Keep in mind, that using Lydiard Hills as a transition program is meant to strengthen all of the running muscles using running-specific movements. The hill sessions are not intended to become lung-searing anaerobic sessions. You will experience difficulty no doubt. But you want the challenge to be more similar to something you’d experience doing strength training with weights or kettlebells. The hill provides the resistance – or, to be more precise, gravity provides the resistance. And you will exaggerate specific movements to increase the demands on certain muscles.

Hill Bounding and Hill Springing place loads on your muscles and tissues that are far higher than Steep Hill Running. For this reason, I don’t suggest that you include both Hill Bounding and Hill Springing in the same session. And it is a good idea to do Steep Hill Running before bounding or springing to get your body ready for the more demanding drills. So we would have two sessions:

  • Steep & Bound
    3-5 sets of Steep Hill Running and 3-5 sets of Hill Bounding
  • Steep & Spring
    3-5 sets of Steep Hill Running and 3-5 sets of Hill Springing

Now let’s take a look at how you incorporate this into your weekly schedule

Three-days-a-week Program

If you are running three-days-per-week, we would include Lydiard Hills only once per week and use a two-week cycle:

  1. Medium Base Run with 5-10 x Strides at the end
  2. Rest
  3. Shorter Base Run with Steep & Bound
  4. Rest
  5. Longer Base Run
  6. Rest
  7. Rest
  8. Medium Base Run with 10-15min Diagonals at the end
  9. Rest
  10. Medium Base Run with Steep & Spring
  11. Rest
  12. Longer Base Run with 5 x Surges throughout the run
  13. Rest
  14. Rest

Four-days-per-week Program

  1. Shorter Base Run with Steep & Bound
  2. Rest
  3. Shorter Base Run with Steep & Spring
  4. Rest
  5. Medium Base Run with 5-10 x Strides or 10-15min Diagonals
  6. Longer Base Run
  7. Rest

Five-days-per-week Program

  1. Shorter Base Run with Steep & Bound
  2. Medium Base Run
  3. Shorter Base Run with Steep & Spring
  4. Rest
  5. Medium Base Run with 5-10 x Strides or 10-15min Diagonals
  6. Longer Base Run
  7. Rest

Six-days-per-week Program

  1. Shorter Base Run with Steep & Bound
  2. Medium Base Run
  3. Shorter Base Run  with Steep & Spring
  4. Shorter Base Run
  5. Medium Base Run with 5-10 x Strides or 10-15min Diagonals
  6. Longer Base Run
  7. Rest

Adjustments

If you find Hill Bounding or Hill Springing too demanding for you – this may due to the coordination required is too difficult, the muscular load is too high, or soreness the next day doesn’t go away after 1-2 weeks – then go ahead and remove them from the program.
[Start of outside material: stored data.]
lemma affine_slope_le_affine_comb:
  assumes "affine_slope_le f B1" "affine_slope_le g B2" "\<bar>u\<bar> * B1 + \<bar>v\<bar> * B2 \<le> B"
  shows "affine_slope_le (\<lambda>x. k + u * f x + v * g x) B"
proof -
  obtain a c where f: "norm a \<le> B1" "\<forall>x. f x = a \<bullet> x + c"
    using assms(1) unfolding affine_slope_le_def by blast
  obtain a' c' where g: "norm a' \<le> B2" "\<forall>x. g x = a' \<bullet> x + c'"
    using assms(2) unfolding affine_slope_le_def by blast
  have "norm (u *\<^sub>R a + v *\<^sub>R a') \<le> \<bar>u\<bar> * norm a + \<bar>v\<bar> * norm a'"
    using norm_triangle_ineq[of "u *\<^sub>R a" "v *\<^sub>R a'"] by simp
  also have "\<dots> \<le> B"
    using f(1) g(1) assms(3) mult_left_mono[of _ _ "\<bar>u\<bar>"] mult_left_mono[of _ _ "\<bar>v\<bar>"]
    by (smt (verit) abs_ge_zero)
  finally have "norm (u *\<^sub>R a + v *\<^sub>R a') \<le> B" .
  moreover have "\<forall>x. k + u * f x + v * g x = (u *\<^sub>R a + v *\<^sub>R a') \<bullet> x + (k + u * c + v * c')"
    using f g by (simp add: inner_add_left algebra_simps)
  ultimately show ?thesis unfolding affine_slope_le_def by blast
qed

lemma polyhedron_affine_slope_le_sublevel:
  fixes f :: "'a::euclidean_space \<Rightarrow> real"
  assumes "affine_slope_le f B"
  shows "polyhedron {x. f x \<le> 0}"
proof -
  obtain a c where "\<forall>x. f x = a \<bullet> x + c" using assms unfolding affine_slope_le_def by blast
  then have "{x. f x \<le> 0} = {x. a \<bullet> x \<le> - c}" by auto
  then show ?thesis using polyhedron_halfspace_le by simp
qed

lemma affine_slope_le_scaleR_imp_affine:
  fixes e :: "'b::real_normed_vector"
  assumes "affine_slope_le g B" "norm e = 1" "m \<ge> 0"
  shows "\<exists>A c. linear A \<and> onorm A \<le> m * B \<and> (\<forall>x. (m * g x) *\<^sub>R e = A x + c)"
proof -
  obtain a c where g: "norm a \<le> B" "\<forall>x. g x = a \<bullet> x + c"
    using assms(1) unfolding affine_slope_le_def by blast
  let ?A = "\<lambda>y. (m * (a \<bullet> y)) *\<^sub>R e"
  have "linear ?A" by (rule linearI) (auto simp: inner_add_right algebra_simps)
  moreover have "onorm ?A \<le> m * B"
  proof (rule onorm_bound)
    show "0 \<le> m * B" using affine_slope_le_nonneg[OF assms(1)] assms(3) by simp
    fix y
    have "\<bar>a \<bullet> y\<bar> \<le> B * norm y"
      using Cauchy_Schwarz_ineq2[of a y] mult_right_mono[OF g(1) norm_ge_zero[of y]] by linarith
    then have "m * \<bar>a \<bullet> y\<bar> \<le> m * (B * norm y)"
      using assms(3) by (rule mult_left_mono)
    moreover have "norm (?A y) = m * \<bar>a \<bullet> y\<bar>" using assms(2,3) by (simp add: abs_mult)
    ultimately show "norm (?A y) \<le> m * B * norm y" by simp
  qed
  moreover have "\<forall>x. (m * g x) *\<^sub>R e = ?A x + (m * c) *\<^sub>R e" using g(2) by (simp add: algebra_simps)
  ultimately show ?thesis by blast
qed

section \<open>The frame of a corner\<close>

text \<open>Coordinates centred at the corner \<open>b\<close> with axes \<open>n\<close> and \<open>e = perp n\<close>: the slit is the graph of the
  profile (slopes \<open>al\<close>, \<open>be\<close>) over \<open>[-ra, rc]\<close>, where the tent is nonnegative, and \<open>height\<close> is
  the signed distance from the slit along \<open>e\<close>.\<close>
locale corner_frame =
  fixes b n :: "real^2" and ra rc al be :: real
  assumes n_unit: "n \<bullet> n = 1" and ra_pos: "ra > 0" and rc_pos: "rc > 0"
begin

definition "e = perp n"
definition "abscissa x = n \<bullet> (x - b)"
definition "ordinate x = e \<bullet> (x - b)"
definition "tent t = 1 + t / ra - (1 / ra + 1 / rc) * max t 0"
definition "profile t = al * t + (be - al) * max t 0"
definition "weight x = tent (abscissa x)"
definition "height x = ordinate x - profile (abscissa x)"
definition "slit = {x. weight x \<ge> 0 \<and> height x = 0}"
definition "lens w = {x. weight x \<ge> 0 \<and> \<bar>height x\<bar> \<le> w * weight x}"
definition "bump s x = sgn (height x) * max 0 (s * weight x - \<bar>height x\<bar>)"
definition "Phi m s x = x + (m * bump s x) *\<^sub>R e"
definition "Psi m s x = x - (m / (1 - m) * bump s x) *\<^sub>R e"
In this case, you would stick to Steep Hill Running and replace the Bounds and Springing with Strides on the flat instead.

  • Steep & Stride
    3-5 sets of Steep Hill Running and 5-10 x Strides

So you replace all the Steep & Bound and Steep & Spring above with Steep & Stride.

How many weeks is the Program?

Good question. I don’t know. That’ll depend on you.

I’ll take 4-8 weeks of following one of the above programs before your body adapts to the Lydiard Hill drills. There is a broad window because most of the adaption will come from your muscles and tendons. The adaptation period, of tendons especially, varies widely from person to person based on their underlying structure and athletic history. However, I will mention that runners who take longer to adapt to Lydiard Hills will be the ones that benefit the most!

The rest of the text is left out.